Legal story: music publishers suing Anthropic

  • Who sued and what they allege

    • A group of music publishers led by Concord and Universal Music Group filed suit against Anthropic.
    • Allegation: Anthropic illegally downloaded over ~20,000 copyrighted works (sheet music, lyrics, musical compositions).
    • Damages sought: reportedly in excess of $3 billion.
  • Context and procedural background

    • The same legal team (per the episode) was involved in an earlier authors’ lawsuit against Anthropic alleging piracy of copyrighted books.
    • During discovery the publishers claim they found more allegedly downloaded works, expanding the scope from an original ~500 works to thousands, prompting a separate lawsuit after amendment attempts were denied.
  • Prior related ruling and penalties (as discussed on the show)

    • The host recounts an earlier case where a judge ruled training on copyrighted material can be lawful, but acquiring content via piracy is not.
    • Anthropic was described as having initially downloaded pirated books, later buying and scanning many books; that matter resulted in a multi‑hundred‑million to billion‑scale penalty (host cites $1.5B and payments to authors).
    • The new music lawsuit names Anthropic executives (CEO and cofounder mentioned) in addition to the company.
  • Host perspective on the lawsuit

    • Skeptical that the publishers will collect the full $3B for ~20,000 lyrics; calls the amount “ludicrous.”
    • Suggests lawyers are aggressively pursuing big damages and that some of this is driven by litigation opportunities around AI’s training data.
    • Reiterates that AI companies should pay for data and train responsibly, but anticipates continued legal battles as part of the AI “gold rush.”

Key takeaways

  • Product:

    • Anthropic is expanding Claude’s reach by bringing Cloud Code–style plugins to a general audience through Co‑work, prioritizing enterprise workflows and customizability.
    • Plugins could significantly boost internal automation and become more powerful as they learn company‑specific workflows.
    • Currently in research preview; plugins available to paying customers and local saves; org‑wide sharing planned.
  • Legal:

    • Anthropic faces a high‑stakes copyright suit from major music publishers alleging large‑scale unauthorized downloads; claimed damages exceed $3B.
    • This follows earlier litigation over allegedly pirated book data; there’s precedent that piracy to acquire training data can trigger heavy penalties.
    • The host expects continued legal scrutiny of AI training practices and doubts the full damages sought will be awarded.

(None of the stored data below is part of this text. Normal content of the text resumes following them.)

(* Let $0<p<1$ and $\alpha>-1$, let $\beta=\frac{1-p}{1+\alpha p}$, and define the sequence $(f_i)_{i\ge1}$ by $$f_1=\frac{p}{1+\beta(1+\alpha)},\qquad f_i=\frac{\beta(i-1+\alpha)}{1+\beta(i+\alpha)}\,f_{i-1}\quad (i>1).$$ Then (I) for all $i\ge1$, $0<f_i<1$ and $f_i>f_{i+1}$; and (II) $\sum_{i=1}^\infty f_i=p$ and $\sum_{i=1}^\infty i f_i = 1$.
   Context: Equivalently, $(f_i)$ is the unique solution of $f_1=p-\beta(1+\alpha)f_1$ and $f_i=\beta\big((i-1+\alpha)f_{i-1}-(i+\alpha)f_i\big)$ for $i>1$. *)

theory Defs
  imports "HOL-Analysis.Analysis"
begin

definition betaA :: "real \<Rightarrow> real \<Rightarrow> real" where
  "betaA p \<alpha> = (1 - p) / (1 + \<alpha> * p)"

text \<open>The sequence f_i for i >= 1; the value at index 0 is an unused dummy (0).\<close>
fun fA :: "real \<Rightarrow> real \<Rightarrow> nat \<Rightarrow> real" where
  "fA p \<alpha> 0 = 0"
| "fA p \<alpha> (Suc 0) = p / (1 + betaA p \<alpha> * (1 + \<alpha>))"
| "fA p \<alpha> (Suc (Suc n)) =
     betaA p \<alpha> * (real (Suc (Suc n)) - 1 + \<alpha>) / (1 + betaA p \<alpha> * (real (Suc (Suc n)) + \<alpha>))
       * fA p \<alpha> (Suc n)"

end

theory Submission
  imports Defs
begin

text \<open>
  Put \<open>w\<^sub>0 = p\<close> and \<open>w\<^sub>n = \<beta> (n + \<alpha>) f\<^sub>n\<close> for \<open>n \<ge> 1\<close>. The recursion says precisely
  \<open>f\<^sub>n\<^sub>+\<^sub>1 = w\<^sub>n - w\<^sub>n\<^sub>+\<^sub>1\<close>, so \<open>w\<close> decreases, \<open>f\<^sub>1 + \<dots> + f\<^sub>N = p - w\<^sub>N\<close>, and summation by
  parts gives \<open>(1 - \<beta>) (f\<^sub>1 + 2 f\<^sub>2 + \<dots> + N f\<^sub>N) = p + \<beta> \<alpha> (p - w\<^sub>N) - (N + 1) w\<^sub>N\<close>.
  The right-hand side is bounded, so the first-moment series converges, and with it \<open>\<Sum> w\<^sub>n\<close>.
  Hence \<open>w\<^sub>N \<rightarrow> 0\<close>, and \<open>N w\<^sub>N\<close> converges; its limit must vanish, for otherwise \<open>w\<^sub>n\<close>
  would dominate a multiple of the harmonic series. In the limit the first moment is
  \<open>(p + \<beta> \<alpha> p) / (1 - \<beta>)\<close>, which equals 1 for this particular \<open>\<beta>\<close>.
\<close>

lemma sum_lessThan_Suc_mult_diff:
  fixes w :: "nat \<Rightarrow> 'a::comm_ring_1"
  shows "(\<Sum>n<N. of_nat (Suc n) * (w n - w (Suc n))) = (\<Sum>n<N. w n) - of_nat N * w N"
  by (induction N) (simp_all add: algebra_simps)

lemma summable_real_mult_limit_eq_0:
  fixes w :: "nat \<Rightarrow> real"
  assumes "summable w" and lim: "(\<lambda>n. real n * w n) \<longlonglongrightarrow> M"
  shows "M = 0"
proof (rule ccontr)
  assume "M \<noteq> 0"
  then have "(\<lambda>n. real n * w n / M) \<longlonglongrightarrow> 1"
    using tendsto_divide[OF lim tendsto_const[of M]] by simp
  then have "\<forall>\<^sub>F n in sequentially. 1 / 2 < real n * w n / M"
    by (rule order_tendstoD) simp
  then have "\<forall>\<^sub>F n in sequentially. norm (inverse (real n)) \<le> 2 / M * w n"
    using eventually_gt_at_top[of 0]
  proof eventually_elim
    case (elim n)
    then have "1 < 2 / M * w n * real n" by (simp add: field_simps)
    with elim show ?case by (simp add: field_simps)
  qed
  moreover have "summable (\<lambda>n. 2 / M * w n)"
    using \<open>summable w\<close> by (rule summable_mult)
  ultimately have "summable (\<lambda>n. inverse (real n))"
    by (rule summable_comparison_test_ev)
  then show False
    using not_summable_harmonic by blast
qed

lemma flux_first_moment_identity:
  fixes w :: "nat \<Rightarrow> real"
  assumes "w 0 = p"
    and rec: "\<And>n. w (Suc n) = b * (real (Suc n) + \<alpha>) * (w n - w (Suc n))"
  shows "(1 - b) * (\<Sum>n<N. real (Suc n) * (w n - w (Suc n)))
           = p + b * \<alpha> * (p - w N) - real (Suc N) * w N"
proof -
  define E where "E = (\<Sum>n<N. real (Suc n) * (w n - w (Suc n)))"
  have "(\<Sum>n<N. w (Suc n)) = (\<Sum>n<N. b * (real (Suc n) + \<alpha>) * (w n - w (Suc n)))"
    by (intro sum.cong refl rec)
  also have "\<dots> = b * E + b * \<alpha> * (\<Sum>n<N. w n - w (Suc n))"
    unfolding E_def sum_distrib_left sum.distrib[symmetric] by (simp add: algebra_simps)
  also have "(\<Sum>n<N. w n - w (Suc n)) = p - w N"
    using \<open>w 0 = p\<close> by (simp add: sum_lessThan_telescope')
  finally have "(\<Sum>n<Suc N. w n) = p + b * E + b * \<alpha> * (p - w N)"
    unfolding sum.lessThan_Suc_shift using \<open>w 0 = p\<close> by simp
  moreover have "E = (\<Sum>n<Suc N. w n) - real (Suc N) * w N"
    unfolding E_def sum_lessThan_Suc_mult_diff by (simp add: algebra_simps)
  ultimately have "E = p + b * E + b * \<alpha> * (p - w N) - real (Suc N) * w N"
    by linarith
  then show ?thesis
    unfolding E_def[symmetric] by (simp add: algebra_simps)
qed

locale flux_recurrence =
  fixes w :: "nat \<Rightarrow> real" and b \<alpha> p :: real
  assumes b_nonneg: "0 \<le> b" and b_less_1: "b < 1" and w_0: "w 0 = p"
    and w_nonneg: "\<And>n. 0 \<le> w n" and w_Suc_le: "\<And>n. w (Suc n) \<le> w n"
    and w_Suc: "\<And>n. w (Suc n) = b * (real (Suc n) + \<alpha>) * (w n - w (Suc n))"
begin

lemma w_le_p: "w n \<le> p"
  using w_0 by (induction n) (auto intro: order_trans[OF w_Suc_le])

lemma summable_moment: "summable (\<lambda>n. real (Suc n) * (w n - w (Suc n)))"
proof (rule bounded_imp_summable)
  show "0 \<le> real (Suc n) * (w n - w (Suc n))" for n
    using w_Suc_le[of n] by simp
  show "(\<Sum>k\<le>N. real (Suc k) * (w k - w (Suc k))) \<le> (p + b * \<bar>\<alpha>\<bar> * p) / (1 - b)" for N
  proof -
    have "\<alpha> * (p - w (Suc N)) \<le> \<bar>\<alpha>\<bar> * (p - w (Suc N))"
      using w_le_p by (intro mult_right_mono) auto
    also have "\<dots> \<le> \<bar>\<alpha>\<bar> * p"
      using w_nonneg by (intro mult_left_mono) auto
    finally have "b * \<alpha> * (p - w (Suc N)) \<le> b * \<bar>\<alpha>\<bar> * p"
      using b_nonneg by (simp add: mult.assoc mult_left_mono)
    moreover have "0 \<le> real (Suc (Suc N)) * w (Suc N)"
      using w_nonneg by simp
    ultimately have "(1 - b) * (\<Sum>k<Suc N. real (Suc k) * (w k - w (Suc k))) \<le> p + b * \<bar>\<alpha>\<bar> * p"
      unfolding flux_first_moment_identity[OF w_0 w_Suc] by linarith
    then show ?thesis
      using b_less_1 by (simp add: lessThan_Suc_atMost field_simps)
  qed
qed

lemma summable_w: "summable w"
proof -
  have "norm (w n - w (Suc n)) \<le> real (Suc n) * (w n - w (Suc n))" for n
    using w_Suc_le[of n] by (simp add: mult_le_cancel_right1)
  then have "summable (\<lambda>n. w n - w (Suc n))"
    using summable_moment by (rule summable_comparison_test'[rotated])
  then have "summable (\<lambda>n. b * (real (Suc n) * (w n - w (Suc n))) + b * \<alpha> * (w n - w (Suc n)))"
    by (intro summable_add summable_mult summable_moment)
  moreover have "(\<lambda>n. w (Suc n))
                   = (\<lambda>n. b * (real (Suc n) * (w n - w (Suc n))) + b * \<alpha> * (w n - w (Suc n)))"
    by (rule ext, subst w_Suc) (simp add: algebra_simps)
  ultimately show ?thesis
    using summable_Suc_iff by metis
qed

lemma drops_sums: "(\<lambda>n. w n - w (Suc n)) sums p"
proof -
  have "(\<lambda>N. p - w N) \<longlonglongrightarrow> p - 0"
    using summable_w by (intro tendsto_intros summable_LIMSEQ_zero)
  then show ?thesis
    unfolding sums_def sum_lessThan_telescope' w_0 by simp
qed

lemma moment_sums: "(\<lambda>n. real (Suc n) * (w n - w (Suc n))) sums ((p + b * \<alpha> * p) / (1 - b))"
proof -
  define E where "E = (\<Sum>n. real (Suc n) * (w n - w (Suc n)))"
  have E_sums: "(\<lambda>n. real (Suc n) * (w n - w (Suc n))) sums E"
    unfolding E_def using summable_moment by (rule summable_sums)
  have "w \<longlonglongrightarrow> 0"
    using summable_w by (rule summable_LIMSEQ_zero)
  then have "(\<lambda>N. p + b * \<alpha> * (p - w N) - (1 - b) * (\<Sum>n<N. real (Suc n) * (w n - w (Suc n))) - w N)
               \<longlonglongrightarrow> p + b * \<alpha> * (p - 0) - (1 - b) * E - 0"
    using E_sums unfolding sums_def by (intro tendsto_intros)
  moreover have "p + b * \<alpha> * (p - w N) - (1 - b) * (\<Sum>n<N. real (Suc n) * (w n - w (Suc n))) - w N
                   = real N * w N" for N
    unfolding flux_first_moment_identity[OF w_0 w_Suc] by (simp add: algebra_simps)
  ultimately have "(\<lambda>N. real N * w N) \<longlonglongrightarrow> p + b * \<alpha> * p - (1 - b) * E"
    by simp
  then have "p + b * \<alpha> * p - (1 - b) * E = 0"
    using summable_w summable_real_mult_limit_eq_0 by blast
  then have "E = (p + b * \<alpha> * p) / (1 - b)"
    using b_less_1 by (simp add: field_simps)
  then show ?thesis
    using E_sums by simp
qed

end

definition fluxA :: "real \<Rightarrow> real \<Rightarrow> nat \<Rightarrow> real" where
  "fluxA p \<alpha> n = (if n = 0 then p else betaA p \<alpha> * (real n + \<alpha>) * fA p \<alpha> n)"

context
  fixes p \<alpha> :: real
  assumes p_pos: "0 < p" and p_less_1: "p < 1" and alpha_gt: "\<alpha> > -1"
begin

lemma one_plus_alpha_mult_p_pos: "0 < (1 + \<alpha>) * p"
  using alpha_gt p_pos by simp

lemma one_plus_alpha_p_pos: "0 < 1 + \<alpha> * p"
  using one_plus_alpha_mult_p_pos p_less_1 by (simp add: algebra_simps)

lemma betaA_pos: "0 < betaA p \<alpha>"
  using one_plus_alpha_p_pos p_less_1 by (simp add: betaA_def)

lemma betaA_less_1: "betaA p \<alpha> < 1"
  using one_plus_alpha_mult_p_pos one_plus_alpha_p_pos by (simp add: betaA_def field_simps)

lemma betaA_first_moment: "(p + betaA p \<alpha> * \<alpha> * p) / (1 - betaA p \<alpha>) = 1"
  using one_plus_alpha_p_pos betaA_less_1 by (simp add: betaA_def field_simps)

lemma betaA_mult_pos: "1 \<le> x \<Longrightarrow> 0 < betaA p \<alpha> * (x + \<alpha>)"
  using alpha_gt betaA_pos by simp

lemma fA_Suc:
  assumes "n \<ge> 1"
  shows "fA p \<alpha> (Suc n)
           = betaA p \<alpha> * (real n + \<alpha>) / (1 + betaA p \<alpha> * (real (Suc n) + \<alpha>)) * fA p \<alpha> n"
  using assms by (cases n) (simp_all add: algebra_simps)

lemma fA_Suc_ratio_bounds:
  assumes "n \<ge> 1"
  shows "0 < betaA p \<alpha> * (real n + \<alpha>) / (1 + betaA p \<alpha> * (real (Suc n) + \<alpha>))"
    and "betaA p \<alpha> * (real n + \<alpha>) / (1 + betaA p \<alpha> * (real (Suc n) + \<alpha>)) < 1"
proof -
  have num: "0 < betaA p \<alpha> * (real n + \<alpha>)"
    using assms by (intro betaA_mult_pos) simp
  then show "0 < betaA p \<alpha> * (real n + \<alpha>) / (1 + betaA p \<alpha> * (real (Suc n) + \<alpha>))"
    using betaA_pos by (simp add: algebra_simps)
  show "betaA p \<alpha> * (real n + \<alpha>) / (1 + betaA p \<alpha> * (real (Suc n) + \<alpha>)) < 1"
    using num betaA_pos by (simp add: algebra_simps)
qed

lemma fA_pos: "n \<ge> 1 \<Longrightarrow> 0 < fA p \<alpha> n"
proof (induction n rule: dec_induct)
  case base
  have "0 < 1 + betaA p \<alpha> * (1 + \<alpha>)"
    using betaA_mult_pos[of 1] by simp
  then show ?case
    using p_pos by simp
next
  case (step n)
  then show ?case
    unfolding fA_Suc[OF step(1)] by (intro mult_pos_pos fA_Suc_ratio_bounds(1))
qed

lemma fA_Suc_less:
  assumes "n \<ge> 1"
  shows "fA p \<alpha> (Suc n) < fA p \<alpha> n"
proof -
  have "fA p \<alpha> (Suc n) < 1 * fA p \<alpha> n"
    unfolding fA_Suc[OF assms]
    by (intro mult_strict_right_mono fA_Suc_ratio_bounds(2) fA_pos assms)
  then show ?thesis
    by simp
qed

lemma fA_less_1: "n \<ge> 1 \<Longrightarrow> fA p \<alpha> n < 1"
proof (induction n rule: dec_induct)
  case base
  have "0 < p * (betaA p \<alpha> * (1 + \<alpha>))"
    using p_pos betaA_mult_pos[of 1] by simp
  then have "fA p \<alpha> 1 < p"
    using betaA_mult_pos[of 1] by (simp add: field_simps)
  then show ?case
    using p_less_1 by simp
next
  case (step n)
  then show ?case
    using fA_Suc_less by fastforce
qed

lemma fA_Suc_mult: "(1 + betaA p \<alpha> * (real (Suc n) + \<alpha>)) * fA p \<alpha> (Suc n) = fluxA p \<alpha> n"
proof (cases "n = 0")
  case True
  have "0 < 1 + betaA p \<alpha> * (1 + \<alpha>)"
    using betaA_mult_pos[of 1] by simp
  then show ?thesis
    using True by (simp add: fluxA_def)
next
  case False
  then have "n \<ge> 1"
    by simp
  define d where "d = 1 + betaA p \<alpha> * (real (Suc n) + \<alpha>)"
  have "0 < d"
    using betaA_mult_pos[of "real (Suc n)"] by (simp add: d_def)
  have "(1 + betaA p \<alpha> * (real (Suc n) + \<alpha>)) * fA p \<alpha> (Suc n)
        = d * (betaA p \<alpha> * (real n + \<alpha>) / d * fA p \<alpha> n)"
    unfolding fA_Suc[OF \<open>n \<ge> 1\<close>] d_def ..
  also have "\<dots> = betaA p \<alpha> * (real n + \<alpha>) * fA p \<alpha> n"
    using \<open>0 < d\<close> by simp
  also have "\<dots> = fluxA p \<alpha> n"
    using False by (simp add: fluxA_def)
  finally show ?thesis .
qed

lemma fA_Suc_eq_fluxA_diff: "fA p \<alpha> (Suc n) = fluxA p \<alpha> n - fluxA p \<alpha> (Suc n)"
proof -
  have "fluxA p \<alpha> n - fluxA p \<alpha> (Suc n)
        = (1 + betaA p \<alpha> * (real (Suc n) + \<alpha>)) * fA p \<alpha> (Suc n)
          - betaA p \<alpha> * (real (Suc n) + \<alpha>) * fA p \<alpha> (Suc n)"
    unfolding fA_Suc_mult by (simp add: fluxA_def)
  then show ?thesis
    by (simp add: algebra_simps)
qed

lemma fluxA_nonneg: "0 \<le> fluxA p \<alpha> n"
proof (cases "n = 0")
  case False
  then have "0 < betaA p \<alpha> * (real n + \<alpha>)" and "0 < fA p \<alpha> n"
    by (simp_all add: betaA_mult_pos fA_pos)
  then show ?thesis
    using False by (simp add: fluxA_def)
qed (simp add: fluxA_def p_pos less_imp_le)

lemma fluxA_Suc_le: "fluxA p \<alpha> (Suc n) \<le> fluxA p \<alpha> n"
  using fA_pos[of "Suc n"] by (simp add: fA_Suc_eq_fluxA_diff)

lemma fluxA_Suc:
  "fluxA p \<alpha> (Suc n) = betaA p \<alpha> * (real (Suc n) + \<alpha>) * (fluxA p \<alpha> n - fluxA p \<alpha> (Suc n))"
  unfolding fA_Suc_eq_fluxA_diff[symmetric] by (simp add: fluxA_def)

end

theorem lemmaA3:
  fixes p \<alpha> :: real
  assumes "0 < p" and "p < 1" and "\<alpha> > -1"
  shows "(\<forall>i\<ge>1. 0 < fA p \<alpha> i \<and> fA p \<alpha> i < 1 \<and> fA p \<alpha> i > fA p \<alpha> (i + 1))
       \<and> ((\<lambda>n. fA p \<alpha> (n + 1)) sums p)
       \<and> ((\<lambda>n. real (n + 1) * fA p \<alpha> (n + 1)) sums 1)"
proof -
  interpret flux_recurrence "fluxA p \<alpha>" "betaA p \<alpha>" \<alpha> p
    using betaA_pos[OF assms] betaA_less_1[OF assms] fluxA_nonneg[OF assms]
      fluxA_Suc_le[OF assms] fluxA_Suc[OF assms]
    by unfold_locales (simp_all add: fluxA_def)
  show ?thesis
    using drops_sums moment_sums fA_pos[OF assms] fA_less_1[OF assms] fA_Suc_less[OF assms]
    by (simp add: fA_Suc_eq_fluxA_diff[OF assms, symmetric] betaA_first_moment[OF assms])
qed

end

Notable quotes from the episode

  • On plugins: “Plugins are basically intentionally built to be customizable… enterprise customers are going to develop their own use cases.”
  • On the lawsuit: “To me, I don’t think this one’s going to do as well… $3 billion for 20,000 lyrics feels ludicrous.”

Practical next steps (if you care about testing Anthropic / other models)

  • Try plugins/Co‑work if you’re an enterprise user and want customizable agent automations for team workflows.
  • If you want side‑by‑side access to multiple top models (OpenAI, Anthropic, Google, etc.), the host recommends trying AIbox.ai (promotional mention).

This summary captures the episode’s product news and legal analysis, plus the host’s views and practical recommendations.